La résilience d’un tresseur de raquettes à neige
Non-voyant, le Beauceron Yvan Bédard a déjà tressé 475 paires de raquettes par année.
Yvan Bédard tresse des raquettes à neige depuis 31 ans.
Photo : Radio-Canada / Philippe Grenier
Yvan Bédard a perdu la vue, l’odorat et le goût en 1978 lors d’un accident de travail. Le père de famille de Saint-Côme–Linière en Beauce avait 30 ans et sa femme était enceinte de leur deuxième fils. « Le dernier, je ne l’ai pas vu. » Le camionneur s'est alors demandé : « Qu’est-ce que je vais faire? » Yvan Bédard raconte son histoire de résilience et de persévérance qui l'a guidé vers le tissage de raquettes à neige.
Yvan Bédard saisit une raquette à neige dénudée de tressage déposée sur son établi dans son sous-sol, qu'il considère comme son bureau de travail. Il la fixe solidement dans une structure métallique devant sa chaise. La première étape, je sors mon fil, j’ai fait mon nœud, le fil est dur, ça prend de bons doigts
, relate le sympathique Beauceron de 74 ans.
Aujourd'hui, il tresse des raquettes à neige, mais il a commencé par tresser du rotin après son accident. Je me faisais compétitionner par les Chinois. J’ai décidé d’arrêter ça
, dit celui qui a utilisé ce matériau pendant huit ans.

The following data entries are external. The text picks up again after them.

subsection \<open>The Zadeh extension\<close>

lemma zadeh_bounds:
  assumes "u \<in> Fspace"
  shows "0 \<le> zadeh f u x" "zadeh f u x \<le> 1"
proof -
  have bdd: "bdd_above (u ` (f -` {x}))" using FspaceD(2)[OF assms] by (auto intro!: bdd_aboveI[of _ 1])
  show "0 \<le> zadeh f u x"
  proof (cases "f -` {x} = {}")
    case False
    then obtain y where "y \<in> f -` {x}" by blast
    then have "u y \<le> Sup (u ` (f -` {x}))" using cSup_upper[OF _ bdd] by blast
    then show ?thesis using FspaceD(1)[OF assms, of y] False by (simp add: zadeh_def)
  qed (simp add: zadeh_def)
  have "f -` {x} \<noteq> {} \<Longrightarrow> Sup (u ` (f -` {x})) \<le> 1"
    using FspaceD(2)[OF assms] by (intro cSup_least) auto
  then show "zadeh f u x \<le> 1" by (simp add: zadeh_def)
qed

lemma closure_image_of_compact_closure:
  fixes f :: "'a::topological_space \<Rightarrow> 'b::t2_space"
  assumes "continuous_on UNIV f" "compact (closure S)"
  shows "closure (f ` S) = f ` closure S"
proof
  show "f ` closure S \<subseteq> closure (f ` S)"
    using continuous_image_closure_subset[OF assms(1) subset_UNIV] .
  have "closed (f ` closure S)"
    using compact_continuous_image[OF continuous_on_subset[OF assms(1)] assms(2)] compact_imp_closed
    by blast
  moreover have "f ` S \<subseteq> f ` closure S" using closure_subset by (rule image_mono)
  ultimately show "closure (f ` S) \<subseteq> f ` closure S" by (simp add: closure_minimal)
qed

lemma fbar_funpow: "(fbar f ^^ k) K = (f ^^ k) ` K"
  by (induction k) (auto simp: fbar_def image_comp)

« Tu ne pourras jamais apprendre ça »
Yvan Bédard a rencontré un tresseur de raquettes à neige en Beauce qui lui a expliqué les rudiments du métier. Je n’étais pas capable
, se rappelle-t-il devant la complexité du travail.
Un ami l’accompagnait pour le guider et l’encourager à poursuivre l'aventure. Il m’a montré un tour à la fois et j’ai grandi avec ça.
Un jour, son père est venu le voir tresser et lui a dit : C’est bien de valeur de te dire ça, Yvan, mais tu ne pourras jamais apprendre ça.
« Il y a un mot que vous me dites qui me fait du bien, le mot "jamais", je l’aime beaucoup. »
Trois mois plus tard, Yvan lui montre sa première raquette. Il n’en revenait pas, il m’a dit : "Tu as une moyenne tête"
, raconte-t-il.
Des centaines de raquettes
La première année, Yvan Bédard a produit 8 paires de raquettes, la deuxième année, 25 paires, la troisième année, 75 paires. Vendues dans le temps de le dire
, lâche-t-il.
Sa production a finalement atteint quelques années plus tard jusqu’à 475 paires de raquettes.
« Je me disais à moi-même, je suis normal, j'essaye de gagner ma vie. »
Le septuagénaire a maintenant baissé la machine
. Cette année, le Beauceron est rendu à une centaine de paires de raquettes à neige, mais je n’ai pas fini, il reste les sucreries qui commencent, encore entre 35 et 50 paires à faire
.
L’homme a donné pendant plusieurs années des conférences à des jeunes du secondaire en Beauce. Encore aujourd’hui, son message reste le même : Il ne faut pas se décourager, les jeunes des fois voient noir, je leur dis de s’essayer!